(* Let $U$ be a Hilbert space, $H: U \rightrightarrows U$ with $H^{-1}(0)\ne\emptyset$, and for each $i\in\mathbb{N}$ let $V'_{i+1}: U \to U$ and $M_{i+1}, W_{i+1}, Z_{i+1}, \Xi_{i+1} \in \mathcal{L}(U;U)$ with $Z_{i+1}M_{i+1}$ self-adjoint and $Z_{i+1}M_{i+1} \ge 0$. Let $(u^i)_{i\in\mathbb{N}}\subset U$ satisfy \[ 0 \in W_{i+1}H(u^{i+1}) + V'_{i+1}(u^{i+1}) + M_{i+1}(u^{i+1}-u^i) \quad (i\in\mathbb{N}). \] Let $\hat u \in H^{-1}(0)$ and suppose that for every $i$, $H$ is $(Z_{i+1}\Xi_{i+1}, 2Z_{i+1}W_{i+1}, Z_{i+2}M_{i+2})$-partially strongly submonotone at $(\hat u, 0)$, with a neighbourhood $\mathcal{U}$ of $\hat u$ (common to all $i$). Suppose also that for every $i\in\mathbb{N}$ there is $\Delta_{i+1}\in\mathbb{R}$ such that for all $u^* \in H^{-1}(0)$, \[ \tfrac12\|u^{i+1}-u^i\|^2_{Z_{i+1}M_{i+1}} + \tfrac12\|u^{i+1}-u^*\|^2_{Z_{i+1}(M_{i+1}+\Xi_{i+1})-Z_{i+2}M_{i+2}} + \langle V'_{i+1}(u^{i+1}), u^{i+1}-u^*\rangle_{Z_{i+1}} \ge -\Delta_{i+1}. \] Then for every $N\ge1$ with $\{u^0,\dots,u^N\}\subset\mathcal{U}$, \[ \tfrac12 \operatorname{dist}^2_{Z_{N+1}M_{N+1}}(u^N, H^{-1}(0)) \le \tfrac12 \operatorname{dist}^2_{Z_1M_1}(u^0, H^{-1}(0)) + \sum_{i=0}^{N-1}\Delta_{i+1}. \]
   Context: For $T\in\mathcal{L}(U;U)$: $\langle x,z\rangle_T:=\langle Tx,z\rangle$, $\|x\|_T^2:=\langle Tx,x\rangle$, $\operatorname{dist}_T^2(z,A):=\inf_{u\in A}\|z-u\|_T^2$; $T\ge S$ means $T-S$ is positive semidefinite. For $T: U\rightrightarrows U$, $T^{-1}(w):=\{u : w\in T(u)\}$. Definition (partial strong submonotonicity): for $\Xi,N,M\in\mathcal{L}(U;U)$ with $M\ge0$, $T:U\rightrightarrows U$ is $(\Xi,N,M)$-partially strongly submonotone at $(\hat u,\hat w)\in\operatorname{graph}T$ if there is a neighbourhood $\mathcal{U}\ni\hat u$ such that \[ \inf_{u^*\in T^{-1}(\hat w)}\big(\langle w-\hat w, u-u^*\rangle_N + \|u-u^*\|^2_{M-\Xi}\big) \ge \operatorname{dist}^2_M(u, T^{-1}(\hat w)) \quad (u\in\mathcal{U},\ w\in T(u)). \] *)

theory Defs
  imports "HOL-Analysis.Analysis"
begin

text \<open>Bounded linear operators on U are represented by functions with bounded_linear.\<close>

definition innerT :: "('a::real_inner \<Rightarrow> 'a) \<Rightarrow> 'a \<Rightarrow> 'a \<Rightarrow> real" where
  "innerT T x z = inner (T x) z"

definition normT2 :: "('a::real_inner \<Rightarrow> 'a) \<Rightarrow> 'a \<Rightarrow> real" where
  "normT2 T x = inner (T x) x"

definition distT2 :: "('a::real_inner \<Rightarrow> 'a) \<Rightarrow> 'a \<Rightarrow> 'a set \<Rightarrow> real" where
  "distT2 T z A = Inf ((\<lambda>u. normT2 T (z - u)) ` A)"

definition psd :: "('a::real_inner \<Rightarrow> 'a) \<Rightarrow> bool" where
  "psd T \<longleftrightarrow> (\<forall>x. 0 \<le> inner (T x) x)"

definition selfadjoint :: "('a::real_inner \<Rightarrow> 'a) \<Rightarrow> bool" where
  "selfadjoint T \<longleftrightarrow> (\<forall>x y. inner (T x) y = inner x (T y))"

definition inv_map :: "('a \<Rightarrow> 'b set) \<Rightarrow> 'b \<Rightarrow> 'a set" where
  "inv_map T w = {u. w \<in> T u}"

text \<open>The submonotonicity inequality on a given set Uset
  (inf over T^{-1}(what) \<ge> c written as: every element of the set is \<ge> c).\<close>
definition psub_on ::
  "('a::real_inner \<Rightarrow> 'a) \<Rightarrow> ('a \<Rightarrow> 'a) \<Rightarrow> ('a \<Rightarrow> 'a) \<Rightarrow> ('a \<Rightarrow> 'a set) \<Rightarrow> 'a \<Rightarrow> 'a \<Rightarrow> 'a set \<Rightarrow> bool" where
  "psub_on Xi N M T uh wh Uset \<longleftrightarrow>
     (\<forall>u\<in>Uset. \<forall>w\<in>T u. \<forall>us\<in>inv_map T wh.
        innerT N (w - wh) (u - us) + normT2 (\<lambda>x. M x - Xi x) (u - us)
          \<ge> distT2 M u (inv_map T wh))"

definition is_nhd :: "'a::topological_space set \<Rightarrow> 'a \<Rightarrow> bool" where
  "is_nhd S x \<longleftrightarrow> (\<exists>S0. open S0 \<and> x \<in> S0 \<and> S0 \<subseteq> S)"

definition psubmono ::
  "('a::real_inner \<Rightarrow> 'a) \<Rightarrow> ('a \<Rightarrow> 'a) \<Rightarrow> ('a \<Rightarrow> 'a) \<Rightarrow> ('a \<Rightarrow> 'a set) \<Rightarrow> 'a \<Rightarrow> 'a \<Rightarrow> bool" where
  "psubmono Xi N M T uh wh \<longleftrightarrow>
     bounded_linear Xi \<and> bounded_linear N \<and> bounded_linear M \<and> psd M \<and> wh \<in> T uh \<and>
     (\<exists>Uset. is_nhd Uset uh \<and> psub_on Xi N M T uh wh Uset)"

end

theory Submission
  imports Defs
begin

text \<open>Test the inclusion for u^{i+1} against Z_{i+1}(u^{i+1} - u^*) with u^* in H^{-1}(0):
  the preconditioner term M_{i+1}(u^{i+1} - u^i) splits by the three-point identity, the
  H-term is bounded below by partial strong submonotonicity, and the remaining terms are
  controlled by Delta_{i+1}. Taking the infimum over u^* gives a descent of the Z M-distance
  to H^{-1}(0) by at most Delta_{i+1} per step, which telescopes.\<close>

lemma normT2_three_point:
  fixes A :: "'a::real_inner \<Rightarrow> 'a"
  assumes "linear A" "selfadjoint A"
  shows "inner (A (a - b)) (a - c)
    = (1/2) * normT2 A (a - b) + (1/2) * normT2 A (a - c) - (1/2) * normT2 A (b - c)"
proof -
  have sym: "inner (A (a - c)) (a - b) = inner (A (a - b)) (a - c)"
    using assms(2) unfolding selfadjoint_def by (metis inner_commute)
  have "b - c = (a - c) - (a - b)" by simp
  then have "normT2 A (b - c) = normT2 A (a - c) - inner (A (a - c)) (a - b)
      - inner (A (a - b)) (a - c) + normT2 A (a - b)"
    unfolding normT2_def using linear_diff[OF assms(1)]
    by (simp add: inner_diff_left inner_diff_right)
  with sym show ?thesis by linarith
qed

lemma distT2_greatest:
  assumes "S \<noteq> {}" "\<And>s. s \<in> S \<Longrightarrow> c \<le> normT2 T (z - s)"
  shows "c \<le> distT2 T z S"
  unfolding distT2_def using assms by (intro cINF_greatest) auto

lemma sum_bound_telescope:
  fixes f g :: "nat \<Rightarrow> real"
  assumes "\<And>i. i < N \<Longrightarrow> f (Suc i) \<le> f i + g i"
  shows "f N \<le> f 0 + (\<Sum>i<N. g i)"
  using assms
proof (induction N)
  case (Suc N)
  then have "f N \<le> f 0 + (\<Sum>i<N. g i)" "f (Suc N) \<le> f N + g N" by simp_all
  then show ?case by simp
qed simp

lemma descent_step_pointwise:
  fixes H :: "'a::real_inner \<Rightarrow> 'a set"
  assumes lin: "linear Z" "linear M" and sa: "selfadjoint (Z \<circ> M)"
    and w: "w \<in> H un" and incl: "0 = W w + v + M (un - up)"
    and un: "un \<in> Uset"
    and sub: "psub_on (Z \<circ> Xi) (\<lambda>x. 2 *\<^sub>R Z (W x)) (Zn \<circ> Mn) H uh 0 Uset"
    and us: "us \<in> inv_map H 0"
    and Delta: "(1/2) * normT2 (Z \<circ> M) (un - up)
      + (1/2) * normT2 (\<lambda>x. Z (M x + Xi x) - Zn (Mn x)) (un - us)
      + innerT Z v (un - us) \<ge> - \<delta>"
  shows "distT2 (Zn \<circ> Mn) un (inv_map H 0) - 2 * \<delta> \<le> normT2 (Z \<circ> M) (up - us)"
proof -
  define d where "d = un - us"
  have "Z 0 = Z (W w) + Z v + (Z \<circ> M) (un - up)"
    using incl linear_add[OF lin(1)] by (metis comp_apply)
  then have tested: "0 = inner (Z (W w)) d + inner (Z v) d + inner ((Z \<circ> M) (un - up)) d"
    using linear_0[OF lin(1)] by (metis inner_add_left inner_zero_left)
  have three_point: "inner ((Z \<circ> M) (un - up)) d = (1/2) * normT2 (Z \<circ> M) (un - up)
      + (1/2) * normT2 (Z \<circ> M) d - (1/2) * normT2 (Z \<circ> M) (up - us)"
    unfolding d_def using normT2_three_point[OF linear_compose[OF lin(2,1)] sa] by blast
  have "normT2 (\<lambda>x. Z (M x + Xi x) - Zn (Mn x)) d
      = normT2 (Z \<circ> M) d + inner (Z (Xi d)) d - normT2 (Zn \<circ> Mn) d"
    unfolding normT2_def using linear_add[OF lin(1)] by (simp add: inner_diff_left inner_add_left)
  with Delta have Delta': "(1/2) * normT2 (Z \<circ> M) (un - up) + (1/2) * (normT2 (Z \<circ> M) d
      + inner (Z (Xi d)) d - normT2 (Zn \<circ> Mn) d) + inner (Z v) d \<ge> - \<delta>"
    unfolding d_def innerT_def by simp
  have "innerT (\<lambda>x. 2 *\<^sub>R Z (W x)) (w - 0) d + normT2 (\<lambda>x. (Zn \<circ> Mn) x - (Z \<circ> Xi) x) d
      \<ge> distT2 (Zn \<circ> Mn) un (inv_map H 0)"
    using sub un w us unfolding psub_on_def d_def inv_map_def by blast
  then have "2 * inner (Z (W w)) d + normT2 (Zn \<circ> Mn) d - inner (Z (Xi d)) d
      \<ge> distT2 (Zn \<circ> Mn) un (inv_map H 0)"
    unfolding innerT_def normT2_def by (simp add: inner_diff_left)
  with tested three_point Delta' show ?thesis by argo
qed

lemma descent_step:
  fixes H :: "'a::real_inner \<Rightarrow> 'a set"
  assumes "inv_map H 0 \<noteq> {}"
    and "linear Z" "linear M" "selfadjoint (Z \<circ> M)"
    and "w \<in> H un" "0 = W w + v + M (un - up)" "un \<in> Uset"
    and "psub_on (Z \<circ> Xi) (\<lambda>x. 2 *\<^sub>R Z (W x)) (Zn \<circ> Mn) H uh 0 Uset"
    and "\<And>us. us \<in> inv_map H 0 \<Longrightarrow> (1/2) * normT2 (Z \<circ> M) (un - up)
      + (1/2) * normT2 (\<lambda>x. Z (M x + Xi x) - Zn (Mn x)) (un - us)
      + innerT Z v (un - us) \<ge> - \<delta>"
  shows "(1/2) * distT2 (Zn \<circ> Mn) un (inv_map H 0)
    \<le> (1/2) * distT2 (Z \<circ> M) up (inv_map H 0) + \<delta>"
proof -
  have "distT2 (Zn \<circ> Mn) un (inv_map H 0) - 2 * \<delta> \<le> distT2 (Z \<circ> M) up (inv_map H 0)"
    using assms by (intro distT2_greatest descent_step_pointwise) auto
  then show ?thesis by linarith
qed

theorem corollary3p8:
  fixes H :: "'a::{real_inner, complete_space} \<Rightarrow> 'a set"
    and V :: "nat \<Rightarrow> 'a \<Rightarrow> 'a"
    and M W Z Xi :: "nat \<Rightarrow> 'a \<Rightarrow> 'a"
    and u :: "nat \<Rightarrow> 'a"
    and uh :: 'a
    and Uset :: "'a set"
    and Delta :: "nat \<Rightarrow> real"
  assumes Hne: "inv_map H 0 \<noteq> {}"
    and lin: "\<And>i. bounded_linear (M (Suc i)) \<and> bounded_linear (W (Suc i))
                  \<and> bounded_linear (Z (Suc i)) \<and> bounded_linear (Xi (Suc i))"
    and sa: "\<And>i. selfadjoint (Z (Suc i) \<circ> M (Suc i))"
    and pos: "\<And>i. psd (Z (Suc i) \<circ> M (Suc i))"
    and iter: "\<And>i. \<exists>w\<in>H (u (Suc i)).
                 0 = W (Suc i) w + V (Suc i) (u (Suc i)) + M (Suc i) (u (Suc i) - u i)"
    and uh: "uh \<in> inv_map H 0"
    and nhd: "is_nhd Uset uh"
    and sub: "\<And>i. psubmono (Z (Suc i) \<circ> Xi (Suc i)) (\<lambda>x. 2 *\<^sub>R Z (Suc i) (W (Suc i) x))
                  (Z (Suc (Suc i)) \<circ> M (Suc (Suc i))) H uh 0
               \<and> psub_on (Z (Suc i) \<circ> Xi (Suc i)) (\<lambda>x. 2 *\<^sub>R Z (Suc i) (W (Suc i) x))
                  (Z (Suc (Suc i)) \<circ> M (Suc (Suc i))) H uh 0 Uset"
    and Delta: "\<And>i us. us \<in> inv_map H 0 \<Longrightarrow>
        (1/2) * normT2 (Z (Suc i) \<circ> M (Suc i)) (u (Suc i) - u i)
      + (1/2) * normT2 (\<lambda>x. Z (Suc i) (M (Suc i) x + Xi (Suc i) x) - Z (Suc (Suc i)) (M (Suc (Suc i)) x))
                  (u (Suc i) - us)
      + innerT (Z (Suc i)) (V (Suc i) (u (Suc i))) (u (Suc i) - us) \<ge> - Delta (Suc i)"
  shows "\<forall>N\<ge>1. u ` {0..N} \<subseteq> Uset \<longrightarrow>
     (1/2) * distT2 (Z (Suc N) \<circ> M (Suc N)) (u N) (inv_map H 0)
       \<le> (1/2) * distT2 (Z 1 \<circ> M 1) (u 0) (inv_map H 0) + (\<Sum>i<N. Delta (Suc i))"
proof (intro allI impI)
  fix N :: nat
  assume "u ` {0..N} \<subseteq> Uset"
  \<comment> \<open>Only the submonotonicity inequality on Uset is used.\<close>
  have "(1/2) * distT2 (Z (Suc (Suc i)) \<circ> M (Suc (Suc i))) (u (Suc i)) (inv_map H 0)
      \<le> (1/2) * distT2 (Z (Suc i) \<circ> M (Suc i)) (u i) (inv_map H 0) + Delta (Suc i)"
    if "i < N" for i
  proof -
    obtain w where "w \<in> H (u (Suc i))"
      and "0 = W (Suc i) w + V (Suc i) (u (Suc i)) + M (Suc i) (u (Suc i) - u i)"
      using iter by blast
    moreover have "u (Suc i) \<in> Uset" using \<open>u ` {0..N} \<subseteq> Uset\<close> \<open>i < N\<close> by auto
    moreover have "linear (Z (Suc i))" "linear (M (Suc i))"
      using lin[of i] bounded_linear.linear by blast+
    ultimately show ?thesis
      using descent_step[OF Hne _ _ sa[of i]] sub[of i] Delta[of _ i] by blast
  qed
  then show "(1/2) * distT2 (Z (Suc N) \<circ> M (Suc N)) (u N) (inv_map H 0)
      \<le> (1/2) * distT2 (Z 1 \<circ> M 1) (u 0) (inv_map H 0) + (\<Sum>i<N. Delta (Suc i))"
    using sum_bound_telescope[of N "\<lambda>n. (1/2) * distT2 (Z (Suc n) \<circ> M (Suc n)) (u n) (inv_map H 0)"]
    by simp
qed

end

--*--

• **Task item**: Word for word, restate the lines above from the line containing "define d where" through the line containing "using sub un", with both included and nothing else.

• **Exercise response**:
  define d where "d = un - us"
  have "Z 0 = Z (W w) + Z v + (Z \<circ> M) (un - up)"
    using incl linear_add[OF lin(1)] by (metis comp_apply)
  then have tested: "0 = inner (Z (W w)) d + inner (Z v) d + inner ((Z \<circ> M) (un - up)) d"
    using linear_0[OF lin(1)] by (metis inner_add_left inner_zero_left)
  have three_point: "inner ((Z \<circ> M) (un - up)) d = (1/2) * normT2 (Z \<circ> M) (un - up)
      + (1/2) * normT2 (Z \<circ> M) d - (1/2) * normT2 (Z \<circ> M) (up - us)"
    unfolding d_def using normT2_three_point[OF linear_compose[OF lin(2,1)] sa] by blast
  have "normT2 (\<lambda>x. Z (M x + Xi x) - Zn (Mn x)) d
      = normT2 (Z \<circ> M) d + inner (Z (Xi d)) d - normT2 (Zn \<circ> Mn) d"
    unfolding normT2_def using linear_add[OF lin(1)] by (simp add: inner_diff_left inner_add_left)
  with Delta have Delta': "(1/2) * normT2 (Z \<circ> M) (un - up) + (1/2) * (normT2 (Z \<circ> M) d
      + inner (Z (Xi d)) d - normT2 (Zn \<circ> Mn) d) + inner (Z v) d \<ge> - \<delta>"
    unfolding d_def innerT_def by simp
  have "innerT (\<lambda>x. 2 *\<^sub>R Z (W x)) (w - 0) d + normT2 (\<lambda>x. (Zn \<circ> Mn) x - (Z \<circ> Xi) x) d
      \<ge> distT2 (Zn \<circ> Mn) un (inv_map H 0)"
    using sub un w us unfolding psub_on_def d_def inv_map_def by blast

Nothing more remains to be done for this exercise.